▸ **Your instructions**
Below this line is a set of entries; quote exactly the lines from the line that contains "(\<lambda>(\<alpha>, t, n, k)." to the line that contains "(* grid functions", both lines included.

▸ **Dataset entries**
(* Let $\sigma\in\mathfrak S_k$ and $\tau\in\mathfrak S_{l}$ be consecutive patterns ($k,l\ge1$) with $A_\sigma(z)=A_\tau(z)$. Then $A_{12\text{-}\sigma}(z)=A_{12\text{-}\tau}(z)$, where for a consecutive pattern $\sigma=\sigma_1\cdots\sigma_k$, $12\text{-}\sigma$ denotes the generalized pattern $12\text{-}(\sigma_1+2)(\sigma_2+2)\cdots(\sigma_k+2)$.
   Context: $\mathfrak S_n$ is the symmetric group on $\{1,\dots,n\}$, permutations in one-line notation. A generalized pattern of length $m$ is a permutation $\sigma_1\cdots\sigma_m\in\mathfrak S_m$ with, between each pair of adjacent entries, either a dash "-" or nothing. A permutation $\pi\in\mathfrak S_n$ contains it if there are indices $i_1<\dots<i_m$ with $i_{j+1}=i_j+1$ whenever there is no dash between $\sigma_j$ and $\sigma_{j+1}$, and with $\pi_{i_a}<\pi_{i_b}$ iff $\sigma_a<\sigma_b$ for all $a,b$; otherwise $\pi$ avoids it. A consecutive pattern has no dashes. $\alpha_n(\sigma)$ is the number of permutations in $\mathfrak S_n$ avoiding $\sigma$ ($\alpha_0=1$) and $A_\sigma(z)=\sum_{n\ge0}\alpha_n(\sigma)z^n/n!$. *)

theory Defs
  imports "HOL-Computational_Algebra.Formal_Power_Series"
begin
(* Let $\alpha\in(0,1)$, $\mathrm{g}\ge0$, $\epsilon>0$, and let $u^0,u^1,\dots,u^N\in\mathcal{V}_h$ be the solution of the variable-step L1 scheme described in the context. If the maximum time step satisfies $$\tau \le \left(\frac{3}{\Gamma(2-\alpha)(4\mathrm{g}^2+3\epsilon)}\right)^{1/\alpha},$$ then the modified discrete energy is nonincreasing: $\mathcal{E}[u^n]-\mathcal{E}[u^{n-1}]\le 0$ (equivalently $(\mathcal{E}[u^n]-\mathcal{E}[u^{n-1}])/\tau_n\le 0$) for all $1\le n\le N$.
   Context: Time grid: $0=t_0<t_1<\dots<t_N=T$, $\tau_k=t_k-t_{k-1}$, $\tau=\max_k\tau_k$, $\triangledown_\tau v^k=v^k-v^{k-1}$. Let $\omega_{\beta}(t)=t^{\beta-1}/\Gamma(\beta)$. The L1 kernels are $a^{(n)}_{n-k}=\frac{1}{\tau_k}\int_{t_{k-1}}^{t_k}\omega_{1-\alpha}(t_n-s)\,ds$ for $1\le k\le n$, and $D^\alpha_\tau v^n=\sum_{k=1}^n a^{(n)}_{n-k}\triangledown_\tau v^k$. The discrete complementary convolution kernels are defined by $p^{(n)}_0=1/a^{(n)}_0$ and $p^{(n)}_{n-k}=\frac{1}{a^{(k)}_0}\sum_{j=k+1}^n\big(a^{(j)}_{j-k-1}-a^{(j)}_{j-k}\big)p^{(n)}_{n-j}$ for $1\le k\le n-1$. Space: $\Omega=(0,L)^2$, $h=L/M$, $x_i=ih$, $y_j=jh$; $\mathcal{V}_h$ is the set of grid functions on $\{(x_i,y_j):0\le i,j\le M\}$ that are $L$-periodic in each direction; $\Delta_h=\delta_x^2+\delta_y^2$ with $\delta_x^2v_{ij}=(v_{i+1,j}-2v_{ij}+v_{i-1,j})/h^2$ and similarly $\delta_y^2$. Discrete inner product $\langle v,w\rangle=h^2\sum_{1\le i,j\le M-1}v_{ij}w_{ij}$, $\|v\|=\sqrt{\langle v,v\rangle}$, $\|v\|_4^4=h^2\sum_{1\le i,j\le M-1}v_{ij}^4$. Let $f(u)=u^3-\mathrm{g}u^2-\epsilon u$. The scheme: $u^0_h=u_0(x_h)$ and for $1\le n\le N$, $D^\alpha_\tau u^n_h=-\mu^n_h$ with $\mu^n_h=(1+\Delta_h)^2u^n_h+f(u^n_h)$ at the grid points, periodic boundary conditions. Discrete energy: $E[u^n]=\frac12\|(1+\Delta_h)u^n\|^2+\frac14\|u^n\|_4^4-\frac{\mathrm g}{3}\langle (u^n)^2,u^n\rangle-\frac{\epsilon}{2}\|u^n\|^2$. Modified energy: $\mathcal{E}[u^0]=E[u^0]$ and $\mathcal{E}[u^n]=E[u^n]+\frac12\sum_{j=1}^n p^{(n)}_{n-j}\|\mu^j\|^2$ for $n\ge1$. *)

theory Defs
  imports "HOL-Analysis.Analysis"
begin

definition omega :: "real \<Rightarrow> real \<Rightarrow> real" where
  "omega \<beta> x = x powr (\<beta> - 1) / Gamma \<beta>"

definition tstep :: "(nat \<Rightarrow> real) \<Rightarrow> nat \<Rightarrow> real" where
  "tstep t k = t k - t (k - 1)"

definition tmax :: "(nat \<Rightarrow> real) \<Rightarrow> nat \<Rightarrow> real" where
  "tmax t N = Max (tstep t ` {1..N})"

(* L1 kernel:  L1a alpha t n k  =  a^{(n)}_{n-k}  (1 <= k <= n) *)
definition L1a :: "real \<Rightarrow> (nat \<Rightarrow> real) \<Rightarrow> nat \<Rightarrow> nat \<Rightarrow> real" where
  "L1a \<alpha> t n k = (1 / tstep t k) * integral {t (k - 1)..t k} (\<lambda>s. omega (1 - \<alpha>) (t n - s))"

(* discrete complementary convolution kernels:  Pk alpha t n k = p^{(n)}_{n-k}  (1 <= k <= n) *)
function Pk :: "real \<Rightarrow> (nat \<Rightarrow> real) \<Rightarrow> nat \<Rightarrow> nat \<Rightarrow> real" where
  "Pk \<alpha> t n k =
     (if n \<le> k then 1 / L1a \<alpha> t n n
      else (1 / L1a \<alpha> t k k) *
           (\<Sum>j\<in>{k+1..n}. (L1a \<alpha> t j (k + 1) - L1a \<alpha> t j k) * Pk \<alpha> t n j))"
  by pat_completeness auto
termination
  by (relation "Wellfounded.measure (\<lambda>(\<alpha>, t, n, k). n - k)") auto

definition Dtau :: "real \<Rightarrow> (nat \<Rightarrow> real) \<Rightarrow> (nat \<Rightarrow> real) \<Rightarrow> nat \<Rightarrow> real" where
  "Dtau \<alpha> t v n = (\<Sum>k=1..n. L1a \<alpha> t n k * (v k - v (k - 1)))"

(* grid functions indexed by integers, L-periodic i.e. M-periodic in the indices *)
type_synonym grid = "int \<Rightarrow> int \<Rightarrow> real"

definition grid_periodic :: "nat \<Rightarrow> grid \<Rightarrow> bool" where
  "grid_periodic M v \<longleftrightarrow> (\<forall>i j. v (i + int M) j = v i j \<and> v i (j + int M) = v i j)"

definition lap_h :: "real \<Rightarrow> grid \<Rightarrow> grid" where
  "lap_h h v = (\<lambda>i j. (v (i + 1) j - 2 * v i j + v (i - 1) j) / h\<^sup>2
                    + (v i (j + 1) - 2 * v i j + v i (j - 1)) / h\<^sup>2)"

definition opL :: "real \<Rightarrow> grid \<Rightarrow> grid" where
  "opL h v = (\<lambda>i j. v i j + lap_h h v i j)"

▸ **Response**
  by (relation "Wellfounded.measure (\<lambda>(\<alpha>, t, n, k). n - k)") auto

definition Dtau :: "real \<Rightarrow> (nat \<Rightarrow> real) \<Rightarrow> (nat \<Rightarrow> real) \<Rightarrow> nat \<Rightarrow> real" where
  "Dtau \<alpha> t v n = (\<Sum>k=1..n. L1a \<alpha> t n k * (v k - v (k - 1)))"

(* grid functions indexed by integers, L-periodic i.e. M-periodic in the indices *)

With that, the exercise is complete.